▶ [What to work on]:
Nothing is needed except the lines below that run from the one with "x) x \<le> ?I" through the one with "text \<open>Reversibility turns", repeated exactly.

------------------------------------------------

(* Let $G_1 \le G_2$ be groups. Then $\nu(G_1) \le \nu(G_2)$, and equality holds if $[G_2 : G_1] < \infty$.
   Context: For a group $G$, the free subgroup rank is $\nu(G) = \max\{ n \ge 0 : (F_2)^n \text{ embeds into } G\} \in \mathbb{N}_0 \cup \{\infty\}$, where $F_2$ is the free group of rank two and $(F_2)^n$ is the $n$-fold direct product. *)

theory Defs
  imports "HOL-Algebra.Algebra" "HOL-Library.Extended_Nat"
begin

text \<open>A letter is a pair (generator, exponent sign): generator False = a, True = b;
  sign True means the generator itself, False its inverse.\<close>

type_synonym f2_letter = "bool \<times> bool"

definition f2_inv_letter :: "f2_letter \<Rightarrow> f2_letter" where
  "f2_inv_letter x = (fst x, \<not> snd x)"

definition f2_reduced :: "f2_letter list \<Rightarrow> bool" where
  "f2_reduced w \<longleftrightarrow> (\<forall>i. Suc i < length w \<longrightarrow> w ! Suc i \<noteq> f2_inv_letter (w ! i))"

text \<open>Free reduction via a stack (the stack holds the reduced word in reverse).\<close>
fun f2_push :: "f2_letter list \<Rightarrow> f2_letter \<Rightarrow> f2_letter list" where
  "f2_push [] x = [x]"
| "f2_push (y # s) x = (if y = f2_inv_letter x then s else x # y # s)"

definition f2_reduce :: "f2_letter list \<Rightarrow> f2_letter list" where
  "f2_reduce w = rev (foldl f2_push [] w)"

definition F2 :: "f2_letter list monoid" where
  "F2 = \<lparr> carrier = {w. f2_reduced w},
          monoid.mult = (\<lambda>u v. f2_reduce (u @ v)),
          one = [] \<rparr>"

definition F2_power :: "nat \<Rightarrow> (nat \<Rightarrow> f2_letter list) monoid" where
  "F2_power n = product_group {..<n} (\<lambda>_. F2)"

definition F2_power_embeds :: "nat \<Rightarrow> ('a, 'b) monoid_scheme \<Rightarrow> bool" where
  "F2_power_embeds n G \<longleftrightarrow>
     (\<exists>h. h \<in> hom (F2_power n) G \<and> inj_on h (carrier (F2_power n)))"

------------------------------------------------

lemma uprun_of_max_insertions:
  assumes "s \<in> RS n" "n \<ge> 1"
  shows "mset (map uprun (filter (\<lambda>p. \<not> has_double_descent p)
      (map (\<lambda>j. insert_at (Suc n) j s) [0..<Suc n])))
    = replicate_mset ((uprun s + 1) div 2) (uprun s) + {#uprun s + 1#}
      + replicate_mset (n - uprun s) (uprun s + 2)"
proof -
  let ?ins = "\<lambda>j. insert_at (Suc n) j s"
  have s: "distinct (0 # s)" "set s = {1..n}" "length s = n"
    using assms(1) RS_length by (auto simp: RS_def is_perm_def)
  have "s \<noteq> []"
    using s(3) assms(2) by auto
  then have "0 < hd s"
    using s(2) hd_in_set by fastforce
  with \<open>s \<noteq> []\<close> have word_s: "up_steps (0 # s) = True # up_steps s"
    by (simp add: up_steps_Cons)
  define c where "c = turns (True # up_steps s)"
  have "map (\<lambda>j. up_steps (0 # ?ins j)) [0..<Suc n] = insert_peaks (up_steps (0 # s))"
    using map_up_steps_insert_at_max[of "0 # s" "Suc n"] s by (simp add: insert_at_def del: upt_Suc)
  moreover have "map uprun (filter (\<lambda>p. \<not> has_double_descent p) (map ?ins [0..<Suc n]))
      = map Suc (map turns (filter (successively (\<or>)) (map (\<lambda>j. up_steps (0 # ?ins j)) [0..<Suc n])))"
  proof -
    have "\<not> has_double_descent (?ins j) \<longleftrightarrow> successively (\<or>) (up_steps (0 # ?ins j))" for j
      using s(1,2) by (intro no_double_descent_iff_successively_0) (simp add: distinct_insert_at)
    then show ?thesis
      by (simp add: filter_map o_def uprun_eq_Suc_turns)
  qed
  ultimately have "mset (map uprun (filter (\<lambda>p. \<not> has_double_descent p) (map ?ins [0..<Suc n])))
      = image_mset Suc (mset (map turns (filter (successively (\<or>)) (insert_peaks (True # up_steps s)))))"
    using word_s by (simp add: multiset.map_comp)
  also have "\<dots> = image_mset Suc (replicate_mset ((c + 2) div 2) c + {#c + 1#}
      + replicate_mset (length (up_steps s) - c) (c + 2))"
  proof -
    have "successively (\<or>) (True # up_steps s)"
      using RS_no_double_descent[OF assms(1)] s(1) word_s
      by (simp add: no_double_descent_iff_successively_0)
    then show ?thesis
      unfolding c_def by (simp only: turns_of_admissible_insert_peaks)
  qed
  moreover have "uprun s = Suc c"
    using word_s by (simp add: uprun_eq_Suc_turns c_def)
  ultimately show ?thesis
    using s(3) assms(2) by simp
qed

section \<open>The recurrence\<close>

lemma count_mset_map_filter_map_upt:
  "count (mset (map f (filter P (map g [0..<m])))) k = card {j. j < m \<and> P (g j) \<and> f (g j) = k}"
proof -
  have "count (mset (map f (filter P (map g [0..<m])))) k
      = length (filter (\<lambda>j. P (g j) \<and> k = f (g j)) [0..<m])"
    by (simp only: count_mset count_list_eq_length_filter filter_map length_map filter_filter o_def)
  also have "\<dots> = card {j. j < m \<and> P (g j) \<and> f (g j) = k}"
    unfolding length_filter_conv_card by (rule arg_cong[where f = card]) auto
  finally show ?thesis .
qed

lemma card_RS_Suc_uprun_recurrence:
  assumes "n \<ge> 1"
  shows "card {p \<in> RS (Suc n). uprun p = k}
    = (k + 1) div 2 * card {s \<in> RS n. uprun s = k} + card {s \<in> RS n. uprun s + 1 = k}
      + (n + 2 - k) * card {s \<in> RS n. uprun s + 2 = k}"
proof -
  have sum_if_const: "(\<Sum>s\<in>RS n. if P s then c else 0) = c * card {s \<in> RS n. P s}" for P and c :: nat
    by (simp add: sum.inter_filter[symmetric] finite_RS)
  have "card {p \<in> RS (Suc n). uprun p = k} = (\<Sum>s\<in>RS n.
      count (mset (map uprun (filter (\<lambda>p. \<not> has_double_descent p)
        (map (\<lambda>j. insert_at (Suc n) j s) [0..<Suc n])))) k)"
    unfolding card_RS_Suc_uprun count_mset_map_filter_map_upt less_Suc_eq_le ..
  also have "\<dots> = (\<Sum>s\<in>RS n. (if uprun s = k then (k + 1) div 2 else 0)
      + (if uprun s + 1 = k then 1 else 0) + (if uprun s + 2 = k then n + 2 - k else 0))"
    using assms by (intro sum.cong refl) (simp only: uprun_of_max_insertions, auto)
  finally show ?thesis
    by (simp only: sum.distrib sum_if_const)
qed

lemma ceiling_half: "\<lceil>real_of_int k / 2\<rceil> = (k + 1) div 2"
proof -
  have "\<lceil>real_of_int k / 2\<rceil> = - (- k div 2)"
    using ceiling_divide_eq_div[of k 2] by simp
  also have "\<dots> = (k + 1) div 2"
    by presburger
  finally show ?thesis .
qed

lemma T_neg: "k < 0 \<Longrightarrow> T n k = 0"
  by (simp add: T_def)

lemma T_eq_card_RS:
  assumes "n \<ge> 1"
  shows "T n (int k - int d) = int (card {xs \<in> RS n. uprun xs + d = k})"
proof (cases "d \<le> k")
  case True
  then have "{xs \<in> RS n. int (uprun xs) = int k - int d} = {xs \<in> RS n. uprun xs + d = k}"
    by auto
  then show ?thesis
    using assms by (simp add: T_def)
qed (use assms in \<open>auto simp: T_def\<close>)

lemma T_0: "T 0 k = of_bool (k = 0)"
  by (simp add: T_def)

------------------------------------------------

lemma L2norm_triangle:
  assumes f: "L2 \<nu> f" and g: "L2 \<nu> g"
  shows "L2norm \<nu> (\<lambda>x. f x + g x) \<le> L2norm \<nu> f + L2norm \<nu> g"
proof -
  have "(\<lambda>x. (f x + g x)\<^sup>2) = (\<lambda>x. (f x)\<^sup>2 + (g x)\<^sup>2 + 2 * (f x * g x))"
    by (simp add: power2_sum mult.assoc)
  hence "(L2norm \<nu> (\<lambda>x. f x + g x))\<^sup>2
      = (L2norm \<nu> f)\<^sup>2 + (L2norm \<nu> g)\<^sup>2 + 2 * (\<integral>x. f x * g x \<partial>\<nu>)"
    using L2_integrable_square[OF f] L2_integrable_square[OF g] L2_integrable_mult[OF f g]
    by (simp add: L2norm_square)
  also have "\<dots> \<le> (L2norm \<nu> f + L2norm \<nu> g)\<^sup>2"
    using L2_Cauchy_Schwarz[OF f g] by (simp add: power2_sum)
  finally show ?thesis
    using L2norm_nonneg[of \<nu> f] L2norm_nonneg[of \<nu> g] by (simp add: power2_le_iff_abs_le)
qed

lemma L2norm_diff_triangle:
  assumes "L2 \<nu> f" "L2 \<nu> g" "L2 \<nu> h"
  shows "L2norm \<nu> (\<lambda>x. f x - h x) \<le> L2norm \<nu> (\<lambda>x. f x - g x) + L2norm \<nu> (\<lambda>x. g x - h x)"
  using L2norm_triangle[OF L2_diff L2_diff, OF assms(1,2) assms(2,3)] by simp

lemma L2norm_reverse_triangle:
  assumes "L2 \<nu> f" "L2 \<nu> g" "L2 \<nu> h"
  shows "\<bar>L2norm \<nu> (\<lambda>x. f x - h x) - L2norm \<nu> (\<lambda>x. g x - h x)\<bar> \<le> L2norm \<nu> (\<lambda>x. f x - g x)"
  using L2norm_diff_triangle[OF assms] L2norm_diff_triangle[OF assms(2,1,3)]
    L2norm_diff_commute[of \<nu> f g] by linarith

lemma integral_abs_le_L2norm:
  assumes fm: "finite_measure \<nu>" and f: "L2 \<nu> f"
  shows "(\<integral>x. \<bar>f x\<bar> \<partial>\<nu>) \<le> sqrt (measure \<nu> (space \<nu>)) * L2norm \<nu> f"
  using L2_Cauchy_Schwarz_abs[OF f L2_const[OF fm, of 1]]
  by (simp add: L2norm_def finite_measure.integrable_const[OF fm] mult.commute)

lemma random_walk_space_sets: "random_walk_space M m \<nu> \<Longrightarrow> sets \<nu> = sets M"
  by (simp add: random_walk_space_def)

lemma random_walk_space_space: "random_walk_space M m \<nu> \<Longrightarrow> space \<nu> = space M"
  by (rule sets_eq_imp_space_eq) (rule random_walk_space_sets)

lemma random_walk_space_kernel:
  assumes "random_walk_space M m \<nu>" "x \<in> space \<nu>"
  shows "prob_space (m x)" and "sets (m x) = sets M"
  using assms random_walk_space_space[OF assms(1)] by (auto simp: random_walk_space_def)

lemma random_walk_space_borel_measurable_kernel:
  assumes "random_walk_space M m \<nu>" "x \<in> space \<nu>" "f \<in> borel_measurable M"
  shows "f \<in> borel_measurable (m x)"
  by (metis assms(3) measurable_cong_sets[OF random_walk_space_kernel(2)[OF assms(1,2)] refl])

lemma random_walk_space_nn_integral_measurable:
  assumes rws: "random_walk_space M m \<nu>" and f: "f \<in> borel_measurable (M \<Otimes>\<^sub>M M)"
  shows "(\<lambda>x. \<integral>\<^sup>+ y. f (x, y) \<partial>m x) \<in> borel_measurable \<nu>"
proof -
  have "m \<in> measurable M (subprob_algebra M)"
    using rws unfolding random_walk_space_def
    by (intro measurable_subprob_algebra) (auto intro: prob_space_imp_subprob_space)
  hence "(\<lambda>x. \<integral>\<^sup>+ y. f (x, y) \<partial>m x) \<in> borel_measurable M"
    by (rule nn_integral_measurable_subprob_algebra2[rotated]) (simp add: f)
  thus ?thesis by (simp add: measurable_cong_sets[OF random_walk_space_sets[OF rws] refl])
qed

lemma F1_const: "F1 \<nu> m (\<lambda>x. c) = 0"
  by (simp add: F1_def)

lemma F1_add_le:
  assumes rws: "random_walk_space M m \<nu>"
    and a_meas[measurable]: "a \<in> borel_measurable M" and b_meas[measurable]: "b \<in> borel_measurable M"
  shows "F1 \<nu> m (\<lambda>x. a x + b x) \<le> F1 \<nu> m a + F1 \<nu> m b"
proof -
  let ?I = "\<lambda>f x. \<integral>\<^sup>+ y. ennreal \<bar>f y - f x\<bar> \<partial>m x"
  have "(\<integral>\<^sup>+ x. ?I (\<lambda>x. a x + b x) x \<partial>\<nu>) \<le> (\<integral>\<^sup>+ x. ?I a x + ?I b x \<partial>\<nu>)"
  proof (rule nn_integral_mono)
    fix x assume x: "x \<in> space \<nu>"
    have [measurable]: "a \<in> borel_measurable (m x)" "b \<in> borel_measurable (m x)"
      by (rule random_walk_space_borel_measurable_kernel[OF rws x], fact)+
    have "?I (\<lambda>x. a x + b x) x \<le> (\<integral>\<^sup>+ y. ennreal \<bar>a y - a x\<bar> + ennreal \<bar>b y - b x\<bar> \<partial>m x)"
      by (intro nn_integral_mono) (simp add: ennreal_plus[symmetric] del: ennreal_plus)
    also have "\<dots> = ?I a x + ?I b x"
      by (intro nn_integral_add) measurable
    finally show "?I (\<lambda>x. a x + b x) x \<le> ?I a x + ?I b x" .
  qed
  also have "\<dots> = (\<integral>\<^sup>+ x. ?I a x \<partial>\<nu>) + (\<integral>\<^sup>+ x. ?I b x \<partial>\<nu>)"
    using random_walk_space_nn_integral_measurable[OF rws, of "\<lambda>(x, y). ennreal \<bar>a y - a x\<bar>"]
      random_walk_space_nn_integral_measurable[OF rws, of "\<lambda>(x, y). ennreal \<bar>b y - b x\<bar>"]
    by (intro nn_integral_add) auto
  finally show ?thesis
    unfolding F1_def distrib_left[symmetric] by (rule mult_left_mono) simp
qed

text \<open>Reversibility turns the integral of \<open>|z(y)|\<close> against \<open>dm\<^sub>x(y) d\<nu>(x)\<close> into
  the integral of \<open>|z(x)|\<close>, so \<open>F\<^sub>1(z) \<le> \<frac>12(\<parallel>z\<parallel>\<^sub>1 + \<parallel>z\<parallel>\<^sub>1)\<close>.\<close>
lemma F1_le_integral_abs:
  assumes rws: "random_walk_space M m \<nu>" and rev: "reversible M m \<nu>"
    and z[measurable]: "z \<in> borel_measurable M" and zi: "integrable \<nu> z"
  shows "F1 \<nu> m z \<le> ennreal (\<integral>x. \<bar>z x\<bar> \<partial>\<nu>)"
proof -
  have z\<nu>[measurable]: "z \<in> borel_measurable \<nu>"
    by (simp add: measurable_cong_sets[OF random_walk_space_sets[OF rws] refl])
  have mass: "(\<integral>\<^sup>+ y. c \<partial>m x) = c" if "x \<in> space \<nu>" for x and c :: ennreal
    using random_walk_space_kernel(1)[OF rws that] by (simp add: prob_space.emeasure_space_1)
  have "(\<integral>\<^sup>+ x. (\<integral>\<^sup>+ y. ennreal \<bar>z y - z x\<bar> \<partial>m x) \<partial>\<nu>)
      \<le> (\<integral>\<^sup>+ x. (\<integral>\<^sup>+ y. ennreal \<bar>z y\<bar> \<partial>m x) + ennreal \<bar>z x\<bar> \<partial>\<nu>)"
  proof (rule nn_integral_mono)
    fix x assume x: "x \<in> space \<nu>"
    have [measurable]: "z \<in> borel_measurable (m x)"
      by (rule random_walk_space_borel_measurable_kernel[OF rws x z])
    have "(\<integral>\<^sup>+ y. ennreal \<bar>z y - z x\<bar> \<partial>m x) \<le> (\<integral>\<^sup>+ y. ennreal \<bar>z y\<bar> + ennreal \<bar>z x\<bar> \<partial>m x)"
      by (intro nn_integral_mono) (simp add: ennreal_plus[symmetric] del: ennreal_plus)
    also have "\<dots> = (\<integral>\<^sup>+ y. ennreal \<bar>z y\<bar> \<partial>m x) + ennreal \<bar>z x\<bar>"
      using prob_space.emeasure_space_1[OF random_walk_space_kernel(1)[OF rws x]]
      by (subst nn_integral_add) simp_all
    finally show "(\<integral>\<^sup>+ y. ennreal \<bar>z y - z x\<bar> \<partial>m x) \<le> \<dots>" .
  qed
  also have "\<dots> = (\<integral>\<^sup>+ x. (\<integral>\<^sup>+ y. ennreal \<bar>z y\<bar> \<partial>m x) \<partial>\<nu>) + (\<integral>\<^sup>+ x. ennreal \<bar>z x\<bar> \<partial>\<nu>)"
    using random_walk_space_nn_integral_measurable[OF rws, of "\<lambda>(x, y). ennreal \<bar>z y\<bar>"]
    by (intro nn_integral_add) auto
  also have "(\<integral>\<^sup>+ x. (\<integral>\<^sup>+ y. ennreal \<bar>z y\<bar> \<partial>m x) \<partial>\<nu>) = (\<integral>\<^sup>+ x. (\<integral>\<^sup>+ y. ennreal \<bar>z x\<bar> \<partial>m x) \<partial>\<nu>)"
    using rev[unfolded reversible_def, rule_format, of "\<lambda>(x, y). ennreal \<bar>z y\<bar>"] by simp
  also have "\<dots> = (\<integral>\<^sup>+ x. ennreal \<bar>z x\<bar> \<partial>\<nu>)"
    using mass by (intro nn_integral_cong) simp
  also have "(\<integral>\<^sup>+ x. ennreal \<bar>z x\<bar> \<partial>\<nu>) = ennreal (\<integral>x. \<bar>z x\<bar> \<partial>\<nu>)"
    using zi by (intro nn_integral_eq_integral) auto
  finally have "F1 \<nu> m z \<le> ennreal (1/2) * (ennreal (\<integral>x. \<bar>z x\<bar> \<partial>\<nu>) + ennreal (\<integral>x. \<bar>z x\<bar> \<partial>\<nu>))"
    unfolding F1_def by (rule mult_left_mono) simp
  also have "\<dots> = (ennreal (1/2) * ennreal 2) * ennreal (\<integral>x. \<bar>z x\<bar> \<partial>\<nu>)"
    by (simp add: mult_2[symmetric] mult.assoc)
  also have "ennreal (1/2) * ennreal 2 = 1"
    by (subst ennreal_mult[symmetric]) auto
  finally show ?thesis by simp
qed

------------------------------------------------

▶ [Response to the exercise]:
    finally show "?I (\<lambda>x. a x + b x) x \<le> ?I a x + ?I b x" .
  qed
  also have "\<dots> = (\<integral>\<^sup>+ x. ?I a x \<partial>\<nu>) + (\<integral>\<^sup>+ x. ?I b x \<partial>\<nu>)"
    using random_walk_space_nn_integral_measurable[OF rws, of "\<lambda>(x, y). ennreal \<bar>a y - a x\<bar>"]
      random_walk_space_nn_integral_measurable[OF rws, of "\<lambda>(x, y). ennreal \<bar>b y - b x\<bar>"]
    by (intro nn_integral_add) auto
  finally show ?thesis
    unfolding F1_def distrib_left[symmetric] by (rule mult_left_mono) simp
qed

text \<open>Reversibility turns the integral of \<open>|z(y)|\<close> against \<open>dm\<^sub>x(y) d\<nu>(x)\<close> into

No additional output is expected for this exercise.